#### [WHAT YOU NEED TO DO]
Search term "blast": please copy every line of the records below that contains it.

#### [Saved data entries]
=== Begin Enclosure ===

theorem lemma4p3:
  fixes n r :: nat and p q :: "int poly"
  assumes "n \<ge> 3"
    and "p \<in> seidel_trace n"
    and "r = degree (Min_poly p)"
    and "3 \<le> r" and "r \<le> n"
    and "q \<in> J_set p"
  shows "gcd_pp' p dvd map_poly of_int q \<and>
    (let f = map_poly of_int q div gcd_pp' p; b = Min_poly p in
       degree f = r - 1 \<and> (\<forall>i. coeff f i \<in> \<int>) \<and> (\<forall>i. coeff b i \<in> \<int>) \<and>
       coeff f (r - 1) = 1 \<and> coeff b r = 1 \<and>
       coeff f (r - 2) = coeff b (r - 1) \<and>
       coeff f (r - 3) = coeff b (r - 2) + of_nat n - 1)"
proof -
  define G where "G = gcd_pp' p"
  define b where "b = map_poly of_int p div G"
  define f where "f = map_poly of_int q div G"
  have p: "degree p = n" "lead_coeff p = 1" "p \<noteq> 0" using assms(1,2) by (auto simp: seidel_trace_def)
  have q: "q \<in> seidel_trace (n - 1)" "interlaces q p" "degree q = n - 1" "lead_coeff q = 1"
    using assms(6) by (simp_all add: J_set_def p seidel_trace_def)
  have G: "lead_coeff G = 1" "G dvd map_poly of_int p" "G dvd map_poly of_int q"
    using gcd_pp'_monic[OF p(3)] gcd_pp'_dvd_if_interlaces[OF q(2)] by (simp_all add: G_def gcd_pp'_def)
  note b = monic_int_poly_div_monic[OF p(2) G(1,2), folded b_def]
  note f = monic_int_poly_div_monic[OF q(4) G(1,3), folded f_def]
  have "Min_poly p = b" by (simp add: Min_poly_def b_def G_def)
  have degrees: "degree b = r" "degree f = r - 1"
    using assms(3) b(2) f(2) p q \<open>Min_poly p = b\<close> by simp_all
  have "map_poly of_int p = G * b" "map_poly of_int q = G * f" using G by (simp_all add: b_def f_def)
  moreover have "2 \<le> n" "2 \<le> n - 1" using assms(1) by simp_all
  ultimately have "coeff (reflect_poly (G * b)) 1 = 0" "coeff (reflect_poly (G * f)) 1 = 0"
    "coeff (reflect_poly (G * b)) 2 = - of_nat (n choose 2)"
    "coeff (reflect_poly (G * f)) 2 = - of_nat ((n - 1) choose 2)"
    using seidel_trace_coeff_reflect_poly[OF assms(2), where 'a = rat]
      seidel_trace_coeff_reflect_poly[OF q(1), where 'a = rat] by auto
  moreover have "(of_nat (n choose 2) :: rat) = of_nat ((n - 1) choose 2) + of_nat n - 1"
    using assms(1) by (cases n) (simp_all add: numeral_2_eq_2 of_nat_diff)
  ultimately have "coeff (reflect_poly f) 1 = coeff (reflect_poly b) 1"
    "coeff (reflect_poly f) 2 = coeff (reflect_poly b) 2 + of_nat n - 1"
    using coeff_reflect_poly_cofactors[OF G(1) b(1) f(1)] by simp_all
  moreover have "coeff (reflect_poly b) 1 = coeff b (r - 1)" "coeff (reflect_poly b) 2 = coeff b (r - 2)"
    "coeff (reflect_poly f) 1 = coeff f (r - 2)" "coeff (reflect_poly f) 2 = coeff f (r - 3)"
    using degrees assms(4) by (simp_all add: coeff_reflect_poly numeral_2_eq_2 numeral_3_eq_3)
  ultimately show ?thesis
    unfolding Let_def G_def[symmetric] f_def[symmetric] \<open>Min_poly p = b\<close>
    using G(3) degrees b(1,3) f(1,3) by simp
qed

=== End Enclosure ===
=== Begin Enclosure ===

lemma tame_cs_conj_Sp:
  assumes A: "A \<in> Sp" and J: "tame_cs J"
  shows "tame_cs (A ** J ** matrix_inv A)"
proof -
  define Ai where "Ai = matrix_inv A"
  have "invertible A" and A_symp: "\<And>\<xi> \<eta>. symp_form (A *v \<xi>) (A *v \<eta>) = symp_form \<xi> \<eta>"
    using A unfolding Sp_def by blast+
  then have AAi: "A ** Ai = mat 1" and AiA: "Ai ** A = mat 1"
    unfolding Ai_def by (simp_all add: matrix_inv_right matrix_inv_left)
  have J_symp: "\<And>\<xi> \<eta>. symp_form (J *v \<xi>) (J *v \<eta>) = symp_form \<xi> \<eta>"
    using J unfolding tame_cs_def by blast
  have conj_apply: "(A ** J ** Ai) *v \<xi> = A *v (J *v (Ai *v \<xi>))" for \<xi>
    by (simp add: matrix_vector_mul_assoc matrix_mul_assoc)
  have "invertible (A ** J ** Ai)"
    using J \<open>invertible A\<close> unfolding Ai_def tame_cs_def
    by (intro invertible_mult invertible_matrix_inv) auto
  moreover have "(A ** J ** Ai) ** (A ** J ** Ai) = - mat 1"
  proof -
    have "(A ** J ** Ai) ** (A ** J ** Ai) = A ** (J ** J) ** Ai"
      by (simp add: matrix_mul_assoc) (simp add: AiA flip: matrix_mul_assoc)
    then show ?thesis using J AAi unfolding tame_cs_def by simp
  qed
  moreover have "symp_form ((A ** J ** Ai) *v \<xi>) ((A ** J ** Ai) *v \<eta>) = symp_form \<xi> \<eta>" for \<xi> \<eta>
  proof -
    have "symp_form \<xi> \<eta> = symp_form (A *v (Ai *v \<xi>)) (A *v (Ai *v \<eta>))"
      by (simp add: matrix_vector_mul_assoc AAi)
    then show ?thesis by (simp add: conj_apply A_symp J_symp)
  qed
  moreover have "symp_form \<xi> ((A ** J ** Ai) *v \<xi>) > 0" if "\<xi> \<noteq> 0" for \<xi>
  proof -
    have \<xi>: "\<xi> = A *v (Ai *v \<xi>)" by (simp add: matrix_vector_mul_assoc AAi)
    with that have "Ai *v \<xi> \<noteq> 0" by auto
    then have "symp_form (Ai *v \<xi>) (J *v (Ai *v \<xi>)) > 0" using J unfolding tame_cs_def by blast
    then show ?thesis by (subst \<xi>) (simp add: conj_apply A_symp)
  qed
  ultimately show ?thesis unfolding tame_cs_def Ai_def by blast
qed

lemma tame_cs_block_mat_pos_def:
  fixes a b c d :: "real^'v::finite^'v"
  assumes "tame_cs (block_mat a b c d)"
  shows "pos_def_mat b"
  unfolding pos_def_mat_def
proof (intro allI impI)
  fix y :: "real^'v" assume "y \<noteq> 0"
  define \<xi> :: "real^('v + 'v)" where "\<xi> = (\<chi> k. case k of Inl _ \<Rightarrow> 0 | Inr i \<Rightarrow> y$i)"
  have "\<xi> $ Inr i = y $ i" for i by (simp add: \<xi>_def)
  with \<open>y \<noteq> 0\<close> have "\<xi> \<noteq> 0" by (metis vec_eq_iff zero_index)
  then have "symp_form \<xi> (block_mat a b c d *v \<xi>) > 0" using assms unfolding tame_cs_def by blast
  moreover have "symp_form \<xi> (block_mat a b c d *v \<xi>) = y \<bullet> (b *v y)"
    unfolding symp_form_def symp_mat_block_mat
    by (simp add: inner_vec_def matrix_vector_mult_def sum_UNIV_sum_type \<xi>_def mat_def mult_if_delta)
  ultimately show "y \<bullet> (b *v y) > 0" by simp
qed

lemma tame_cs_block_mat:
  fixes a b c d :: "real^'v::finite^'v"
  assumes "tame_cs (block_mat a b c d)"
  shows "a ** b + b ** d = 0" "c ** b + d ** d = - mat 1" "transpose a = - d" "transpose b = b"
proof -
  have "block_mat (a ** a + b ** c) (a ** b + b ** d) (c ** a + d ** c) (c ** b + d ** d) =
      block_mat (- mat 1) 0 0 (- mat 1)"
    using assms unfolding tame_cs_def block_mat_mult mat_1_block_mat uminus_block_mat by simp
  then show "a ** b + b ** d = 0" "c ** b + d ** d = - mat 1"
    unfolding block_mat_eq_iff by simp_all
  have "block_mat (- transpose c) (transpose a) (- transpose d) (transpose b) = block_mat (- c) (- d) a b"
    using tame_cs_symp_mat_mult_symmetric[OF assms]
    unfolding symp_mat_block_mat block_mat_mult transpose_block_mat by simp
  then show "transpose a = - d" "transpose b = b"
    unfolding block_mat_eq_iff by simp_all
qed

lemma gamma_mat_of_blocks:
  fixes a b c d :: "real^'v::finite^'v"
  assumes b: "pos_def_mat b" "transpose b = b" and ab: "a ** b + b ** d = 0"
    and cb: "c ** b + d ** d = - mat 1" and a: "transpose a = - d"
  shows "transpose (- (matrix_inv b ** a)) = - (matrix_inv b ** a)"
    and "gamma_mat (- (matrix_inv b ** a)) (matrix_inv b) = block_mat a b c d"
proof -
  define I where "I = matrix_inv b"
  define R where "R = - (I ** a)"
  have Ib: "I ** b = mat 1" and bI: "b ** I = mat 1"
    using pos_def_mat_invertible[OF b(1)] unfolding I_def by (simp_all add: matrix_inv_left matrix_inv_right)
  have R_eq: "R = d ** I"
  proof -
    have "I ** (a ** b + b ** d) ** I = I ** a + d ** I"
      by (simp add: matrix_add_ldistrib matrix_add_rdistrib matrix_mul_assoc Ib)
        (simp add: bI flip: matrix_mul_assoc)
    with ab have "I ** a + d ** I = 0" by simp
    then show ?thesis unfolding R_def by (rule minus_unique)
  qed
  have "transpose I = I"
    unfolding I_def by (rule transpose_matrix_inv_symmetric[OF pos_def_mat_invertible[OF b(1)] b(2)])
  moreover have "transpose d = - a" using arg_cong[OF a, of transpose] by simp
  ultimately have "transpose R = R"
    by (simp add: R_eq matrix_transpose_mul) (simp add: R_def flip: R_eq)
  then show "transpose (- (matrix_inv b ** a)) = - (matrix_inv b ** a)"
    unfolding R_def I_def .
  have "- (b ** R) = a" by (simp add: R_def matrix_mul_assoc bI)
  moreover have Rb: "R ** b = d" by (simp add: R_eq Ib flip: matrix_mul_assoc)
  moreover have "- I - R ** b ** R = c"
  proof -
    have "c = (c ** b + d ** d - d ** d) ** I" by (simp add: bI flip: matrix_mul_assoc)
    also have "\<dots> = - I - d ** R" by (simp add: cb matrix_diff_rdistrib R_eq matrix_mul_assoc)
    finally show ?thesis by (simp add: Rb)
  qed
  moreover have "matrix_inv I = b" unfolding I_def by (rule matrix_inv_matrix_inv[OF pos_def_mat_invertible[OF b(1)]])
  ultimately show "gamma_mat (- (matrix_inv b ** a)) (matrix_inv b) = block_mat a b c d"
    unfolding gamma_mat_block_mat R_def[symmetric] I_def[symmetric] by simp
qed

=== End Enclosure ===

#### [EXPECTED ANSWER]
    using A unfolding Sp_def by blast+
    using J unfolding tame_cs_def by blast
    then have "symp_form (Ai *v \<xi>) (J *v (Ai *v \<xi>)) > 0" using J unfolding tame_cs_def by blast
  ultimately show ?thesis unfolding tame_cs_def Ai_def by blast
  then have "symp_form \<xi> (block_mat a b c d *v \<xi>) > 0" using assms unfolding tame_cs_def by blast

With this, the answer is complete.